Wally Venter moved from Cape Town, South Africa, to White Bear Lake last August when his dad got a new job.

Venter played rugby, water polo, field hockey and ran track growing up in South Africa. He knew "absolutely nothing about football."

"I talked to my dad and told him maybe I should try this football thing," Venter said.

White Bear Lake coach Ryan Bartlett welcomed him. Venter is 6-2, 185 pounds, so coaches envisioned him playing linebacker or tight end.

Venter wanted to be a kicker instead.

Coaches became intrigued when they saw Venter performing dropkicks in practice — dropping the ball and then kicking it after it touches the ground. It is a legal, but rare, kicking style.

"We didn't know the exact rules on it," Bartlett said. "We weren't totally sure how the dropkick works. We were just amazed."

Venter felt comfortable doing dropkicks since that style is common in rugby. Bartlett checked with the Minnesota State High School League's head of officials to confirm that it is legal and then allowed Venter to kick on the JV team last year.

"He just booms it," Bartlett said.

He said Venter's accuracy in placing the ball where he wants it on kickoffs is more impressive than the height or distance.

"The accuracy blows my mind," Bartlett said.

Venter has had to adjust to the difference between American footballs and rugby balls.

"It's much different with a football because the ball is smaller and the edge is sharper than a rugby ball," he said. "So the bounce from the ground is much more unpredictable than a rugby ball."

Bartlett decided to let Venter handle kickoffs in varsity games in Week 4 this season.

"I was kind of worried about it," he said. "Finally, I was like, 'All right, let's try it.'"

Venter has not attempted to dropkick a field goal or extra point in a varsity game yet — no holder is required — but Bartlett said he thinks that will happen at some point.

Bartlett watches him kick field goals in practice and estimates his range being around 40 yards.

The trick to a dropkick?

"It's all about timing," Venter said. "You really want to hit that ball where it would be if it was on the tee."

Stillwater coach Beau LaBore — a friend of Bartlett's — had heard about Venter, so he made a point to watch him during warmups this past Friday.

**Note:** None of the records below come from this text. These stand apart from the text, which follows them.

lemma op_comp_hom_op:
  assumes "finite (verts G)" "finite (verts K)" "finite (verts H)" "set b \<subseteq> verts K"
  shows "op_comp (verts G) (length b) (hom_op G H a' b') (hom_op G K a b) j i
    = of_nat (card {(\<phi>, \<psi>). inj_hom K G \<phi> \<and> inj_hom H G \<psi> \<and>
        map \<phi> a = i \<and> map \<psi> b' = j \<and> map \<phi> b = map \<psi> a'})"
proof -
  let ?P = "{(\<phi>, \<psi>). inj_hom K G \<phi> \<and> inj_hom H G \<psi> \<and>
    map \<phi> a = i \<and> map \<psi> b' = j \<and> map \<phi> b = map \<psi> a'}"
  let ?T = "{t. set t \<subseteq> verts G \<and> length t = length b}"
  have finite_P: "finite ?P"
    using assms by (intro finite_subset[OF _ finite_cartesian_product[OF finite_inj_homs finite_inj_homs]])
      auto
  have middle_labels: "(\<lambda>p. map (fst p) b) ` ?P \<subseteq> ?T"
  proof (rule image_subsetI)
    fix p assume "p \<in> ?P"
    then have "fst p \<in> verts K \<rightarrow>\<^sub>E verts G" by (auto simp: inj_hom_def)
    then show "map (fst p) b \<in> ?T" using assms(4) by auto
  qed
  have "{p \<in> ?P. map (fst p) b = t} = {\<phi>. inj_hom K G \<phi> \<and> map \<phi> a = i \<and> map \<phi> b = t}
      \<times> {\<psi>. inj_hom H G \<psi> \<and> map \<psi> a' = t \<and> map \<psi> b' = j}" for t
    by auto
  then have "op_comp (verts G) (length b) (hom_op G H a' b') (hom_op G K a b) j i
      = of_nat (\<Sum>t\<in>?T. card {p \<in> ?P. map (fst p) b = t})"
    by (simp add: op_comp_def hom_op_def card_cartesian_product mult.commute)
  also have "(\<Sum>t\<in>?T. card {p \<in> ?P. map (fst p) b = t}) = card ?P"
    using sum.group[OF finite_P finite_lists_length_eq[OF assms(1)] middle_labels, of "\<lambda>_. 1 :: nat"]
    by simp
  finally show ?thesis .
qed

lemma hom_op_tensor:
  assumes "is_graph G" "is_bilabelled K a b" "is_bilabelled H a' b'"
  shows "op_tensor (length a) (length b) (length a') (length b') (hom_op G K a b) (hom_op G H a' b')
    = (\<lambda>j i. \<Sum>f | vertex_overlap K H f.
         hom_op G (glue K H f) (map (fK f) a @ map (fH f) a') (map (fK f) b @ map (fH f) b') j i)"
    (is "?lhs = ?rhs")
proof (intro ext)
  fix j i
  show "?lhs j i = ?rhs j i"
    unfolding op_tensor_hom_op
    using assms card_inj_hom_pairs_eq_sum_overlaps[of K H G,
        where Q = "\<lambda>\<phi> \<psi>. map \<phi> a @ map \<psi> a' = i \<and> map \<phi> b @ map \<psi> b' = j"]
    by (simp add: is_bilabelled_def is_graph_def hom_op_def map_restrict_comp)
qed

lemma hom_op_comp:
  assumes "is_graph G" "is_bilabelled K a b" "is_bilabelled H a' b'" "length a' = length b"
  shows "op_comp (verts G) (length b) (hom_op G H a' b') (hom_op G K a b)
    = (\<lambda>j i. \<Sum>f | vertex_overlap K H f \<and> (\<forall>k < length b. (b ! k, a' ! k) \<in> f).
         hom_op G (glue K H f) (map (fK f) a) (map (fH f) b') j i)"
    (is "?lhs = ?rhs")
proof (intro ext)
  fix j i
  let ?R = "\<lambda>f. \<forall>k < length b. (b ! k, a' ! k) \<in> f"
  let ?glued_homs = "\<lambda>f. {\<chi>. inj_hom (glue K H f) G \<chi> \<and>
    map \<chi> (map (fK f) a) = i \<and> map \<chi> (map (fH f) b') = j}"
  have finite: "finite (verts G)" "finite (verts K)" "finite (verts H)"
    using assms(1-3) by (simp_all add: is_bilabelled_def is_graph_def)
  have labels: "set a \<subseteq> verts K" "set b \<subseteq> verts K" "set a' \<subseteq> verts H" "set b' \<subseteq> verts H"
    using assms(2,3) by (simp_all add: is_bilabelled_def)
  have "{\<chi>. inj_hom (glue K H f) G \<chi> \<and> map (restrict (\<chi> \<circ> fK f) (verts K)) a = i \<and>
        map (restrict (\<chi> \<circ> fH f) (verts H)) b' = j \<and>
        map (restrict (\<chi> \<circ> fK f) (verts K)) b = map (restrict (\<chi> \<circ> fH f) (verts H)) a'}
      = (if ?R f then ?glued_homs f else {})"
    if overlap: "vertex_overlap K H f" for f
  proof -
    have "map (restrict (\<chi> \<circ> fK f) (verts K)) b = map (restrict (\<chi> \<circ> fH f) (verts H)) a' \<longleftrightarrow> ?R f"
      if "inj_hom (glue K H f) G \<chi>" for \<chi>
      using map_restrict_fK_eq_map_restrict_fH_iff[OF overlap that labels(2,3)] assms(4) by simp
    then show ?thesis using labels by (auto simp: map_restrict_comp)
  qed
  then have "card {(\<phi>, \<psi>). inj_hom K G \<phi> \<and> inj_hom H G \<psi> \<and>
        map \<phi> a = i \<and> map \<psi> b' = j \<and> map \<phi> b = map \<psi> a'}
      = (\<Sum>f | vertex_overlap K H f. card (if ?R f then ?glued_homs f else {}))"
    using assms(1-3) card_inj_hom_pairs_eq_sum_overlaps[of K H G,
        where Q = "\<lambda>\<phi> \<psi>. map \<phi> a = i \<and> map \<psi> b' = j \<and> map \<phi> b = map \<psi> a'"]
    by (simp add: is_bilabelled_def is_graph_def)
  also have "\<dots> = (\<Sum>f | vertex_overlap K H f. if ?R f then card (?glued_homs f) else 0)"
    by (rule sum.cong) auto
  also have "\<dots> = (\<Sum>f | vertex_overlap K H f \<and> ?R f. card (?glued_homs f))"
    using finite by (simp add: sum.inter_filter[symmetric] finite_vertex_overlaps)
  finally show "?lhs j i = ?rhs j i"
    unfolding op_comp_hom_op[OF finite labels(2)] by (simp add: hom_op_def)
qed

"Pretty much everyone who sees it — even the refs — are like, this is incredible," Bartlett said, noting that he talks to officials before games to inform them about the dropkick.

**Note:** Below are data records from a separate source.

text \<open>Multiplying the metric of a length space by c > 0 changes neither its topology nor
  which curves are rectifiable, so the space keeps the same paths, while all distances and
  ball radii are multiplied by c. Hence k paths pairwise at distance 1 in (X, d / r) are
  pairwise at distance r in (X, d), and a set covered by balls of radius g(k, 1) in (X, d / r)
  is covered by balls of radius g(k, 1) r in (X, d). Since (X, d / r) belongs to the
  scaling-closed family, the hypothesis applied to it at scale 1 yields the claimed witnesses;
  in the remote version the threshold l for (X, d) becomes l / r for (X, d / r).\<close>

lemma Metric_space_scale:
  assumes "Metric_space X d" "c > (0::real)"
  shows "Metric_space X (\<lambda>x y. c * d x y)"
  using assms unfolding Metric_space_def
  by (auto simp: mult.commute) (metis distrib_left mult_left_mono less_imp_le)

lemma mtopology_scale:
  assumes "Metric_space X d" "c > (0::real)"
  shows "Metric_space.mtopology X (\<lambda>x y. c * d x y) = Metric_space.mtopology X d"
proof -
  interpret d: Metric_space X d by fact
  interpret cd: Metric_space X "\<lambda>x y. c * d x y" by (rule Metric_space_scale[OF assms])
  have mball_eq: "cd.mball x e = d.mball x (e / c)" for x e
    using assms(2) by (auto simp: d.mball_def cd.mball_def field_simps mult.commute)
  have radius_rescale:
    "(\<exists>e>0. d.mball x (e / c) \<subseteq> U) \<longleftrightarrow> (\<exists>e>0. d.mball x e \<subseteq> U)" for x U
  proof
    assume "\<exists>e>0. d.mball x (e / c) \<subseteq> U"
    then show "\<exists>e>0. d.mball x e \<subseteq> U" using assms(2) by (auto intro: divide_pos_pos)
  next
    assume "\<exists>e>0. d.mball x e \<subseteq> U"
    then obtain e where "e > 0" "d.mball x e \<subseteq> U" by blast
    then show "\<exists>e>0. d.mball x (e / c) \<subseteq> U" using assms(2) by (intro exI[of _ "e * c"]) auto
  qed
  show ?thesis
    by (simp add: topology_eq d.openin_mtopology cd.openin_mtopology mball_eq radius_rescale)
qed

lemma partition_sums_scale:
  "partition_sums (\<lambda>x y. c * d x y) \<gamma> = (*) c ` partition_sums d \<gamma>"
  unfolding partition_sums_def sum_distrib_left[symmetric] by blast

lemma bdd_above_image_mult_iff:
  assumes "c > (0::real)"
  shows "bdd_above ((*) c ` S) \<longleftrightarrow> bdd_above S"
proof
  assume "bdd_above ((*) c ` S)"
  then obtain b where "\<forall>s\<in>S. c * s \<le> b" by (auto simp: bdd_above_def)
  then have "\<forall>s\<in>S. s \<le> b / c" using assms by (auto simp: field_simps mult.commute)
  then show "bdd_above S" by (auto simp: bdd_above_def)
next
  assume "bdd_above S"
  then obtain b where "\<forall>s\<in>S. s \<le> b" by (auto simp: bdd_above_def)
  then have "\<forall>s\<in>S. c * s \<le> c * b" using assms by auto
  then show "bdd_above ((*) c ` S)" by (auto simp: bdd_above_def)
qed

lemma rect_curve_scale:
  assumes "Metric_space X d" "c > (0::real)"
  shows "rect_curve X (\<lambda>x y. c * d x y) = rect_curve X d"
  unfolding rect_curve_def mtopology_scale[OF assms] partition_sums_scale
    bdd_above_image_mult_iff[OF assms(2)] ..

lemma spaths_LenSp_scale:
  assumes "Metric_space X d" "c > (0::real)"
  shows "spaths (LenSp X (\<lambda>x y. c * d x y)) = spaths (LenSp X d)"
  using rect_curve_scale[OF assms] by simp

lemma spaths_LenSp_points:
  assumes "Metric_space X d" "p \<in> spaths (LenSp X d)"
  shows "snd (snd p) \<noteq> {}" "snd (snd p) \<subseteq> X"
  using assms
  by (auto simp: rect_curve_def continuous_map_def Metric_space.topspace_mtopology)

lemma le_path_dist_LenSp_iff:
  assumes "Metric_space X d" "P \<noteq> {}" "Q \<noteq> {}" "P \<subseteq> X" "Q \<subseteq> X"
  shows "t \<le> path_dist (LenSp X d) P Q \<longleftrightarrow> (\<forall>x\<in>P. \<forall>y\<in>Q. t \<le> d x y)"
proof -
  have "{d x y | x y. x \<in> P \<and> y \<in> Q} \<noteq> {}" using assms(2,3) by auto
  moreover have "bdd_below {d x y | x y. x \<in> P \<and> y \<in> Q}"
    using assms(1,4,5) by (auto simp: bdd_below_def Metric_space_def intro!: exI[of _ 0])
  ultimately show ?thesis
    unfolding path_dist_def sdist.simps by (subst le_cInf_iff) blast+
qed

lemma far_paths_LenSp_scale:
  assumes "Metric_space X d" "c > (0::real)"
    and "far_paths (LenSp X (\<lambda>x y. c * d x y)) Q k t"
  shows "far_paths (LenSp X d) Q k (t / c)"
proof -
  have cd: "Metric_space X (\<lambda>x y. c * d x y)" by (rule Metric_space_scale[OF assms(1,2)])
  obtain P where P: "\<forall>i<k. P i \<in> spaths (LenSp X d) \<and> Q (P i)"
    "\<forall>i<k. \<forall>j<k. i \<noteq> j \<longrightarrow>
       t \<le> path_dist (LenSp X (\<lambda>x y. c * d x y)) (snd (snd (P i))) (snd (snd (P j)))"
    using assms(3) unfolding far_paths_def spaths_LenSp_scale[OF assms(1,2)] by blast
  show ?thesis unfolding far_paths_def
  proof (intro exI[of _ P] conjI allI impI)
    fix i j assume ij: "i < k" "j < k" "i \<noteq> j"
    have Pi: "snd (snd (P i)) \<noteq> {}" "snd (snd (P i)) \<subseteq> X"
      using spaths_LenSp_points[OF assms(1)] P(1) ij(1) by blast+
    have Pj: "snd (snd (P j)) \<noteq> {}" "snd (snd (P j)) \<subseteq> X"
      using spaths_LenSp_points[OF assms(1)] P(1) ij(2) by blast+
    have "t \<le> path_dist (LenSp X (\<lambda>x y. c * d x y)) (snd (snd (P i))) (snd (snd (P j)))"
      using P(2) ij by blast
    then have "\<forall>x\<in>snd (snd (P i)). \<forall>y\<in>snd (snd (P j)). t \<le> c * d x y"
      unfolding le_path_dist_LenSp_iff[OF cd Pi(1) Pj(1) Pi(2) Pj(2)] .
    then have "\<forall>x\<in>snd (snd (P i)). \<forall>y\<in>snd (snd (P j)). t / c \<le> d x y"
      using assms(2) by (auto simp: divide_le_eq mult.commute)
    then show "t / c \<le> path_dist (LenSp X d) (snd (snd (P i))) (snd (snd (P j)))"
      unfolding le_path_dist_LenSp_iff[OF assms(1) Pi(1) Pj(1) Pi(2) Pj(2)] .
  qed (use P in auto)
qed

Venter even did a dropkick on an onside kick Friday.

The young man who knew nothing about football a year ago now loves being out on the field on Friday nights.

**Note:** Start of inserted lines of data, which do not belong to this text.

(* Let $G=(V,E)$ be a graph, $v\in V$, $S_v$ the partial star product of $v$, let $\varphi_1,\dots,\varphi_k$ be the equivalence classes of $\mathfrak d_v^*$ that contain at least one edge of $E_v$, and let $H=\Box_{i=1}^k\mathbb S_i$ where $\mathbb S_i$ is the star factor of $\varphi_i$. Then: (1) $S_v$ is isomorphic to the induced subgraph $\langle N_2^H[\bar v]\rangle$, where $\bar v=(v,\dots,v)$ is the vertex of $H$ all of whose coordinates are the star-centers; in particular $S_v$ is an isometric subgraph of $H$. More precisely, there is an isomorphism $\gamma$ from $S_v$ onto $\langle N_2^H[\bar v]\rangle$ with $\gamma(v)=\bar v$ and $\gamma(u)$ equal to the vertex with $i$-th coordinate $u$ and all other coordinates $v$ for every $u\in N_{\varphi_i}(v)$, and $\gamma$ is an isometric embedding of $S_v$ into $H$. (2) Identifying $S_v$ with its image under $\gamma$, one has $\mathfrak d_{|S_v}\subseteq\delta(H)^*\subseteq\sigma(H)$. (3) The product relation $\sigma(H)$ has the same number of equivalence classes as $\mathfrak d_{|S_v}$.
   Context: All graphs are finite, simple and undirected. For $G=(V,E)$ and $v\in V$, $E_v$ is the set of edges incident to $v$. For two distinct adjacent edges $e=(v,u)$, $f=(v,w)$, a square spanned by $e$ and $f$ is a $4$-cycle $v,u,x,w,v$ with $x\notin\{v,u,w\}$ ($x$ its top vertex); it is chordless if neither $(u,w)$ nor $(v,x)$ is an edge. In a chordless square $v,u,x,w$, $(x,w)$ is opposite to $(v,u)$ and $(x,u)$ is opposite to $(v,w)$ (and vice versa). For any graph $X$, the relation $\delta(X)$ on $E(X)$: $(e,f)\in\delta(X)$ iff (i) $e,f$ are distinct adjacent edges and it is not the case that $e$ and $f$ span exactly one square and that square is chordless; or (ii) $e,f$ are opposite edges of a chordless square; or (iii) $e=f$. $R^*$ denotes the transitive closure of a relation $R$. Define $\mathfrak d_v=((E_v\times E)\cup(E\times E_v))\cap\delta(G)$ and $\mathfrak d_v^*$ the finest equivalence relation on $E$ containing $\mathfrak d_v$. Let $F_v\subseteq E\setminus E_v$ be the set of edges that are the edges not incident to $v$ of some chordless square spanned by two edges $e,e'\in E_v$ with $(e,e')\notin\mathfrak d_v^*$. The partial star product $S_v$ is the subgraph of $G$ with edge set $E_v\cup F_v$ and vertex set the endpoints of these edges. $\mathfrak d_{|S_v}=\{(e,f)\in\mathfrak d_v^*: e,f\in E(S_v)\}$. For an equivalence class $\varphi$ of $\mathfrak d_v^*$, $N_\varphi(v)=\{u:(v,u)\in\varphi\}$ and $N_\varphi[v]=N_\varphi(v)\cup\{v\}$; the star factor of $\varphi$ is the graph with vertex set $N_\varphi[v]$ and edge set $\{(v,u):u\in N_\varphi(v)\}$ (a star with center $v$). Cartesian product $\Box$: vertex set is the Cartesian product of vertex sets, two vertices adjacent iff they differ in exactly one coordinate and those coordinates are adjacent in the corresponding factor. $N_2^H[x]=\{y: d_H(x,y)\le2\}$. An isometric embedding is an injective map preserving distances. Every connected graph has a unique decomposition into Cartesian prime factors (up to order and isomorphism); the product relation $\sigma(H)$ on $E(H)$ relates two edges iff their endpoints differ in the coordinate of the same prime factor with respect to the prime factor decomposition of $H$. *)

theory Defs
  imports Main "HOL-Library.FuncSet" "HOL-Library.Extended_Nat"
begin

type_synonym 'a graph = "'a set \<times> 'a set set"

abbreviation verts :: "'a graph \<Rightarrow> 'a set" where "verts G \<equiv> fst G"
abbreviation edges :: "'a graph \<Rightarrow> 'a set set" where "edges G \<equiv> snd G"

definition simple_graph :: "'a graph \<Rightarrow> bool" where
  "simple_graph G \<longleftrightarrow> finite (verts G) \<and>
     (\<forall>e\<in>edges G. \<exists>x y. x \<noteq> y \<and> x \<in> verts G \<and> y \<in> verts G \<and> e = {x, y})"

definition adj :: "'a graph \<Rightarrow> 'a \<Rightarrow> 'a \<Rightarrow> bool" where
  "adj G x y \<longleftrightarrow> x \<noteq> y \<and> {x, y} \<in> edges G"

definition inc_edges :: "'a graph \<Rightarrow> 'a \<Rightarrow> 'a set set" where
  "inc_edges G v = {e \<in> edges G. v \<in> e}"

definition sq_tops :: "'a graph \<Rightarrow> 'a \<Rightarrow> 'a \<Rightarrow> 'a \<Rightarrow> 'a set" where
  "sq_tops G v u w = {x. x \<notin> {v, u, w} \<and> adj G u x \<and> adj G x w}"

definition chordless_sq :: "'a graph \<Rightarrow> 'a \<Rightarrow> 'a \<Rightarrow> 'a \<Rightarrow> 'a \<Rightarrow> bool" where
  "chordless_sq G v u x w \<longleftrightarrow> adj G v u \<and> adj G u x \<and> adj G x w \<and> adj G w v \<and>
     distinct [v, u, x, w] \<and> \<not> adj G u w \<and> \<not> adj G v x"

definition opposite :: "'a graph \<Rightarrow> 'a set \<Rightarrow> 'a set \<Rightarrow> bool" where
  "opposite G e f \<longleftrightarrow> (\<exists>v u x w. chordless_sq G v u x w \<and>
     ((e = {v, u} \<and> f = {x, w}) \<or> (e = {x, w} \<and> f = {v, u}) \<or>
      (e = {v, w} \<and> f = {x, u}) \<or> (e = {x, u} \<and> f = {v, w})))"

definition delta :: "'a graph \<Rightarrow> ('a set \<times> 'a set) set" where
  "delta G = {(e, f). e \<in> edges G \<and> f \<in> edges G \<and>
     ((e \<noteq> f \<and> (\<exists>v u w. e = {v, u} \<and> f = {v, w} \<and> adj G v u \<and> adj G v w \<and>
          \<not> (card (sq_tops G v u w) = 1 \<and> (\<forall>x\<in>sq_tops G v u w. chordless_sq G v u x w))))
      \<or> opposite G e f \<or> e = f)}"

definition d_v :: "'a graph \<Rightarrow> 'a \<Rightarrow> ('a set \<times> 'a set) set" where
  "d_v G v = ((inc_edges G v \<times> edges G) \<union> (edges G \<times> inc_edges G v)) \<inter> delta G"

definition d_v_star :: "'a graph \<Rightarrow> 'a \<Rightarrow> ('a set \<times> 'a set) set" where
  "d_v_star G v = \<Inter> {R. equiv (edges G) R \<and> d_v G v \<subseteq> R}"

definition F_v :: "'a graph \<Rightarrow> 'a \<Rightarrow> 'a set set" where
  "F_v G v = {f. \<exists>u x w. chordless_sq G v u x w \<and> ({v, u}, {v, w}) \<notin> d_v_star G v \<and>
                 (f = {u, x} \<or> f = {x, w})}"

definition partial_star :: "'a graph \<Rightarrow> 'a \<Rightarrow> 'a graph" where
  "partial_star G v = ({v} \<union> \<Union> (inc_edges G v \<union> F_v G v), inc_edges G v \<union> F_v G v)"

definition d_restr :: "'a graph \<Rightarrow> 'a \<Rightarrow> ('a set \<times> 'a set) set" where
  "d_restr G v = {(e, f) \<in> d_v_star G v. e \<in> edges (partial_star G v) \<and> f \<in> edges (partial_star G v)}"

definition star_classes :: "'a graph \<Rightarrow> 'a \<Rightarrow> 'a set set set" where
  "star_classes G v = {\<phi> \<in> edges G // d_v_star G v. \<phi> \<inter> inc_edges G v \<noteq> {}}"

definition N_phi :: "'a set set \<Rightarrow> 'a \<Rightarrow> 'a set" where
  "N_phi \<phi> v = {u. {v, u} \<in> \<phi>}"

definition star_factor :: "'a set set \<Rightarrow> 'a \<Rightarrow> 'a graph" where
  "star_factor \<phi> v = (insert v (N_phi \<phi> v), {{v, u} | u. u \<in> N_phi \<phi> v})"

definition cart_prod :: "'i set \<Rightarrow> ('i \<Rightarrow> 'b graph) \<Rightarrow> ('i \<Rightarrow> 'b) graph" where
  "cart_prod I G = (PiE I (\<lambda>i. verts (G i)),
     {{f, g} | f g. f \<in> PiE I (\<lambda>i. verts (G i)) \<and> g \<in> PiE I (\<lambda>i. verts (G i)) \<and>
        (\<exists>i\<in>I. adj (G i) (f i) (g i) \<and> (\<forall>j\<in>I. j \<noteq> i \<longrightarrow> f j = g j))})"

"I'm living a dream," he said. "I'm grateful every day for this opportunity. It's such a cool experience."

. . .

WEEKEND REWIND

Game balls

  • Evan Swenson: Minnetonka senior intercepted two passes Friday in a 23-20 victory over St. Michael-Albertville, including a pick at his own 2-yard line that he returned all the way to the other 3-yard line. He also contributed nine tackles.
  • Mark Crawford: Gophers punter was a difference-maker with a career game in a 20-13 victory over Purdue on Saturday. He averaged 51.3 yards on six punts, placing four of them inside the 20.
  • Carter Birr: Albany running back carried the ball 23 times for 290 yards and five touchdowns in a 52-37 victory over Princeton on Friday. He also scored a pair of two-point conversions, caught a 20-yard pass and grabbed two interceptions on defense.

. . .

He said what?!

"Winning is fun. Football is fun, too. Football is not always just going to be the highs. You're going to have to go through the lows. You're going to have to respond." — Gophers quarterback Tanner Morgan after Saturday's win at Purdue a week after a career low point in a 14-10 loss to Bowling Green.

. . .

Numbers to know

  • 12: Sacks by the Gophers defense in the past three games — four in each game. They registered only eight total sacks in seven games last season.
  • 22: The number of times Kirk Cousins was pressured by the Browns on 41 dropbacks, according to ProFootballFocus — 53.7% was the highest rate in the league in Week 4.
  • 135.5: Average rushing yards allowed by the Vikings through four games, which is slightly worse than last season's average — 134.4.

. . .

15-yard penalty

The Vikings basically handed the Browns three points — points that proved to be valuable — with an inexcusable lapse in the final minute of the first half. Cleveland faced a third-and-20 from its own 26 with 35 seconds left. The Browns were out of timeouts, and quarterback Baker Mayfield had been erratic throwing the ball. The Browns led 8-7 and were getting the ball to start the second half. There was zero chance they would throw a pass and risk an incompletion to stop the clock and force a punt.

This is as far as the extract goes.